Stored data

◇ ◇ ◇ ◇ ◇

lemma recip_falling_sums_mittag_leffler:
  assumes "x \<notin> pos_ints"
  shows "(\<lambda>k. recip_falling (Suc k) x) sums (exp (-1) * (\<Sum>m. 1 / fact m / (x - of_nat (Suc m))))"
proof -
  note ml = summable_mittag_leffler[OF assms]
  have exp: "summable (\<lambda>n. norm ((-1) ^ n / fact n :: complex))"
    using summable_norm_inverse_fact by (simp add: norm_divide norm_power)
  have "recip_falling (Suc k) x
      = (\<Sum>i\<le>k. 1 / fact i / (x - of_nat (Suc i)) * ((-1) ^ (k - i) / fact (k - i)))" for k
  proof -
    have "recip_falling (Suc k) x
        = (\<Sum>i\<le>k. (-1) ^ (k - i) / (fact i * fact (k - i)) / (x - of_nat (Suc i)))"
      using assms by (intro recip_falling_partial_fractions) (auto simp: pos_ints_iff)
    also have "\<dots> = (\<Sum>i\<le>k. 1 / fact i / (x - of_nat (Suc i)) * ((-1) ^ (k - i) / fact (k - i)))"
      by (intro sum.cong refl) (simp add: divide_inverse mult_ac)
    finally show ?thesis .
  qed
  moreover have "(\<lambda>k. \<Sum>i\<le>k. 1 / fact i / (x - of_nat (Suc i)) * ((-1) ^ (k - i) / fact (k - i)))
      sums ((\<Sum>m. 1 / fact m / (x - of_nat (Suc m))) * exp (-1))"
    using Cauchy_product_sums[OF ml exp]
    by (simp only: sums_unique[OF sums_exp_minus_one, symmetric])
  ultimately show ?thesis
    by (simp only: mult.commute)
qed

lemma y0_eq_suminf_recip_falling: "y0 x = (\<Sum>k. recip_falling (Suc k) x)"
  by (simp add: y0_def recip_falling_def)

◇ ◇ ◇ ◇ ◇

#### [Your objective]
Search the entries above for the word "lambda" and copy each line where it appears.

#### [Exercise result]
  shows "(\<lambda>k. recip_falling (Suc k) x) sums (exp (-1) * (\<Sum>m. 1 / fact m / (x - of_nat (Suc m))))"
  have exp: "summable (\<lambda>n. norm ((-1) ^ n / fact n :: complex))"
  moreover have "(\<lambda>k. \<Sum>i\<le>k. 1 / fact i / (x - of_nat (Suc i)) * ((-1) ^ (k - i) / fact (k - i)))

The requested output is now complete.